The reaction of aromatic nitroso compounds with styrene was carried out. As the results, the rate of the reaction was greatly effected by the substituents in nitroso compounds.
Inhibition time of polymerization was also influenced by the substituents in the same manner mentioned above.

The Glass Transition Temperatures of Maleic Anhydride Copolymers

The glass transition temperatures of copolymers of maleic anhydride (MAn) with methyl acrylate (MA), methyl methacrylate (MMA), styrene (St) and vinyl acetate (VAc) were measured by using a volume dilatometer. The glass transition temperatures increase markedly with an increase in maleic anhydride content. The dependence of glass transition temperatures of MAn-MA and MAn-MMA upon the composition is interpreted by the Gibbs-DiMarzio-Uematsu theory. The glass transition temperatures of copolymers with alternating structure are in the order, MAn-St, MAn-MMA MAn-MA>MAn-VAc. This result is discussed in terms of chain stiffness.
Volume expansions of MAn-MA and MAn-MMA in glassy and rubbery states have a tendency to decrease with an increase in maleic anhydride content. However, the product T_g·Δα, where Δα is the difference in volume expansion above and below glass transition temperature, is nearly constant, regardless of composition.

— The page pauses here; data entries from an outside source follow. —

(* A paratopological group $G$ with identity $e$ is dense-connected if and only if $UV^{-1}=G$ for all open neighborhoods $U$ and $V$ of $e$.
   Context: A paratopological group is a group with a topology for which multiplication $G\times G\to G$ is jointly continuous (inversion need not be continuous; no separation axioms assumed). A space is dense-connected if every dense subset of it (with the subspace topology) is connected. *)

theory Defs
  imports "HOL-Analysis.Analysis" "HOL-Algebra.Group"
begin

definition paratopological_group :: "('a, 'b) monoid_scheme \<Rightarrow> 'a topology \<Rightarrow> bool" where
  "paratopological_group G T \<longleftrightarrow>
     group G \<and> topspace T = carrier G \<and>
     continuous_map (prod_topology T T) T (\<lambda>(x, y). x \<otimes>\<^bsub>G\<^esub> y)"

definition dense_connected :: "'a topology \<Rightarrow> bool" where
  "dense_connected T \<longleftrightarrow>
     (\<forall>D. D \<subseteq> topspace T \<and> T closure_of D = topspace T \<longrightarrow> connectedin T D)"

end

theory Submission
  imports Defs
begin

text \<open>A space is dense-connected exactly when it is hyperconnected: any two nonempty open
sets meet. In a paratopological group left translations are continuous, so the open set
\<open>U\<close> meets the open neighbourhood \<open>gV\<close> of \<open>g\<close> iff \<open>g \<in> UV\<inverse>\<close>; translating arbitrary
nonempty open sets \<open>A \<ni> a\<close> and \<open>B \<ni> b\<close> back to the identity, \<open>a\<inverse>b \<in> (a\<inverse>A)(b\<inverse>B)\<inverse>\<close>
says precisely that \<open>A\<close> and \<open>B\<close> meet.\<close>

definition hyperconnected_space :: "'a topology \<Rightarrow> bool" where
  "hyperconnected_space T \<longleftrightarrow>
     (\<forall>A B. openin T A \<and> openin T B \<and> A \<noteq> {} \<and> B \<noteq> {} \<longrightarrow> A \<inter> B \<noteq> {})"

lemma hyperconnected_space_imp_dense_connected:
  assumes "hyperconnected_space T"
  shows "dense_connected T"
  unfolding dense_connected_def
proof (intro allI impI)
  fix D assume D: "D \<subseteq> topspace T \<and> T closure_of D = topspace T"
  show "connectedin T D"
    unfolding connectedin
  proof (intro conjI notI)
    assume "\<exists>E1 E2. openin T E1 \<and> openin T E2 \<and> D \<subseteq> E1 \<union> E2 \<and> E1 \<inter> E2 \<inter> D = {}
                    \<and> E1 \<inter> D \<noteq> {} \<and> E2 \<inter> D \<noteq> {}"
    then obtain E1 E2 where E: "openin T E1" "openin T E2" "E1 \<inter> E2 \<inter> D = {}"
      and "E1 \<inter> D \<noteq> {}" "E2 \<inter> D \<noteq> {}"
      by blast
    then have "E1 \<noteq> {}" "E2 \<noteq> {}"
      by blast+
    with E(1,2) assms have "E1 \<inter> E2 \<noteq> {}"
      unfolding hyperconnected_space_def by blast
    moreover have "openin T (E1 \<inter> E2)"
      using E(1,2) by (rule openin_Int)
    ultimately have "D \<inter> (E1 \<inter> E2) \<noteq> {}"
      using D dense_intersects_open by blast
    with E(3) show False
      by blast
  qed (use D in blast)
qed

lemma dense_connected_imp_hyperconnected_space:
  assumes "dense_connected T"
  shows "hyperconnected_space T"
  unfolding hyperconnected_space_def
proof (intro allI impI)
  fix A B assume AB: "openin T A \<and> openin T B \<and> A \<noteq> {} \<and> B \<noteq> {}"
  \<comment> \<open>\<open>A \<union> C\<close> is dense and split by the disjoint open sets \<open>A\<close> and \<open>C\<close>, so \<open>C = {}\<close>.\<close>
  define C where "C = topspace T - T closure_of A"
  have A_top: "A \<subseteq> topspace T"
    using AB openin_subset by blast
  then have A_sub: "A \<subseteq> T closure_of A"
    by (rule closure_of_subset)
  have C_top: "C \<subseteq> topspace T" and C_open: "openin T C"
    unfolding C_def by (auto simp: openin_diff)
  have "topspace T \<subseteq> T closure_of A \<union> T closure_of C"
    using closure_of_subset[OF C_top] unfolding C_def by blast
  then have "T closure_of (A \<union> C) = topspace T"
    using closure_of_subset_topspace[of T "A \<union> C"] by auto
  with A_top C_top have "connectedin T (A \<union> C)"
    using assms unfolding dense_connected_def by blast
  moreover have "A \<inter> C = {}"
    using A_sub unfolding C_def by blast
  ultimately have "C = {}"
    using AB C_open unfolding connectedin by blast
  then have "T closure_of A = topspace T"
    using closure_of_subset_topspace[of T A] unfolding C_def by blast
  then show "A \<inter> B \<noteq> {}"
    using AB dense_intersects_open by blast
qed

lemma dense_connected_iff_hyperconnected_space:
  "dense_connected T \<longleftrightarrow> hyperconnected_space T"
  using dense_connected_imp_hyperconnected_space hyperconnected_space_imp_dense_connected
  by blast

lemma paratopological_group_openin_left_translation_preimage:
  assumes P: "paratopological_group G T" and g: "g \<in> carrier G" and V: "openin T V"
  shows "openin T {x \<in> carrier G. g \<otimes>\<^bsub>G\<^esub> x \<in> V}"
proof -
  have ts: "topspace T = carrier G"
    and mult: "continuous_map (prod_topology T T) T (\<lambda>(x, y). x \<otimes>\<^bsub>G\<^esub> y)"
    using P unfolding paratopological_group_def by auto
  have "continuous_map T (prod_topology T T) (\<lambda>x. (g, x))"
    by (intro continuous_map_pairedI) (auto simp: ts g)
  then have "continuous_map T T ((\<lambda>(x, y). x \<otimes>\<^bsub>G\<^esub> y) \<circ> (\<lambda>x. (g, x)))"
    using mult continuous_map_compose by blast
  then have "continuous_map T T (\<lambda>x. g \<otimes>\<^bsub>G\<^esub> x)"
    by (simp add: o_def)
  from openin_continuous_map_preimage[OF this V] show ?thesis
    by (simp add: ts)
qed

lemma (in group) hyperconnected_space_imp_mult_inv_eq_carrier:
  assumes P: "paratopological_group G T" and hyp: "hyperconnected_space T"
    and U: "openin T U" "\<one> \<in> U" and V: "openin T V" "\<one> \<in> V"
  shows "{u \<otimes> inv v | u v. u \<in> U \<and> v \<in> V} = carrier G"
proof
  have "U \<subseteq> carrier G" "V \<subseteq> carrier G"
    using P U V openin_subset unfolding paratopological_group_def by blast+
  then show "{u \<otimes> inv v | u v. u \<in> U \<and> v \<in> V} \<subseteq> carrier G"
    by auto
next
  show "carrier G \<subseteq> {u \<otimes> inv v | u v. u \<in> U \<and> v \<in> V}"
  proof
    fix g assume g: "g \<in> carrier G"
    let ?gV = "{x \<in> carrier G. inv g \<otimes> x \<in> V}"
    have "openin T ?gV"
      using paratopological_group_openin_left_translation_preimage[OF P _ V(1)] g by simp
    moreover have "g \<in> ?gV"
      using g V by simp
    ultimately obtain u where u: "u \<in> U" "u \<in> carrier G" "inv g \<otimes> u \<in> V"
      using hyp U unfolding hyperconnected_space_def by blast
    have "g = u \<otimes> inv (inv g \<otimes> u)"
      using g u by (simp add: inv_mult_group m_assoc[symmetric])
    with u show "g \<in> {u \<otimes> inv v | u v. u \<in> U \<and> v \<in> V}"
      by blast
  qed
qed

lemma (in group) mult_inv_eq_carrier_imp_hyperconnected_space:
  assumes P: "paratopological_group G T"
    and nbhds: "\<And>U V. \<lbrakk>openin T U; \<one> \<in> U; openin T V; \<one> \<in> V\<rbrakk> \<Longrightarrow>
                  {u \<otimes> inv v | u v. u \<in> U \<and> v \<in> V} = carrier G"
  shows "hyperconnected_space T"
  unfolding hyperconnected_space_def
proof (intro allI impI)
  fix A B assume AB: "openin T A \<and> openin T B \<and> A \<noteq> {} \<and> B \<noteq> {}"
  then obtain a b where ab: "a \<in> A" "b \<in> B"
    by blast
  have a: "a \<in> carrier G" and b: "b \<in> carrier G"
    using P AB ab openin_subset unfolding paratopological_group_def by blast+
  let ?U = "{x \<in> carrier G. a \<otimes> x \<in> A}" and ?V = "{x \<in> carrier G. b \<otimes> x \<in> B}"
  have "openin T ?U" "openin T ?V"
    using paratopological_group_openin_left_translation_preimage[OF P] AB a b by auto
  moreover have "\<one> \<in> ?U" "\<one> \<in> ?V"
    using a b ab by simp_all
  ultimately have "{u \<otimes> inv v | u v. u \<in> ?U \<and> v \<in> ?V} = carrier G"
    by (intro nbhds)
  moreover have "inv a \<otimes> b \<in> carrier G"
    using a b by simp
  ultimately obtain u v where uv: "u \<in> ?U" "v \<in> ?V" "inv a \<otimes> b = u \<otimes> inv v"
    by blast
  then have "a \<otimes> u = a \<otimes> (u \<otimes> inv v \<otimes> v)"
    by (simp add: m_assoc)
  also have "\<dots> = a \<otimes> (inv a \<otimes> b \<otimes> v)"
    by (simp only: uv(3))
  also have "\<dots> = b \<otimes> v"
    using a b uv(1,2) by (simp add: m_assoc[symmetric])
  finally show "A \<inter> B \<noteq> {}"
    using uv by auto
qed

theorem theorem4p9:
  fixes G :: "('a, 'b) monoid_scheme" and T :: "'a topology"
  assumes "paratopological_group G T"
  shows "dense_connected T \<longleftrightarrow>
    (\<forall>U V. openin T U \<and> \<one>\<^bsub>G\<^esub> \<in> U \<and> openin T V \<and> \<one>\<^bsub>G\<^esub> \<in> V \<longrightarrow>
       {u \<otimes>\<^bsub>G\<^esub> inv\<^bsub>G\<^esub> v | u v. u \<in> U \<and> v \<in> V} = carrier G)"
proof -
  interpret group G
    using assms unfolding paratopological_group_def by blast
  show ?thesis
    unfolding dense_connected_iff_hyperconnected_space
  proof (intro iffI allI impI; (elim conjE)?)
    fix U V
    assume "hyperconnected_space T"
      and "openin T U" "\<one>\<^bsub>G\<^esub> \<in> U" "openin T V" "\<one>\<^bsub>G\<^esub> \<in> V"
    then show "{u \<otimes>\<^bsub>G\<^esub> inv\<^bsub>G\<^esub> v | u v. u \<in> U \<and> v \<in> V} = carrier G"
      by (rule hyperconnected_space_imp_mult_inv_eq_carrier[OF assms])
  next
    assume nbhds: "\<forall>U V. openin T U \<and> \<one>\<^bsub>G\<^esub> \<in> U \<and> openin T V \<and> \<one>\<^bsub>G\<^esub> \<in> V \<longrightarrow>
              {u \<otimes>\<^bsub>G\<^esub> inv\<^bsub>G\<^esub> v | u v. u \<in> U \<and> v \<in> V} = carrier G"
    show "hyperconnected_space T"
      by (rule mult_inv_eq_carrier_imp_hyperconnected_space[OF assms]) (rule nbhds[rule_format], simp)
  qed
qed

end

Stereo-regularities of Vinyl Polymers Obtained by Radical Polymerization in the Presence of Poly (Vinyl Pyrrolidone)

Methyl methacrylate, methacrylic acid (MAA), methyl acrylate and acrylic acid (AA) were polymerized in the presence of polyvinyl pyrrolidone (PVP) of 36wt% using azobisisobutyronitrile. MAA and AA were also polymerized in dilute aqueous solutions of PVP using potassium persulfate Stereo-regularities of the polymers thus obtained were examined. Poly-MAA obtained by polymerization in the presence of PVP of 36wt% was isotactic, while stereo-regularities of the other polymers were nearly the same as those of the corresponding polymers obtained by radical polymerization in the absence of PVP.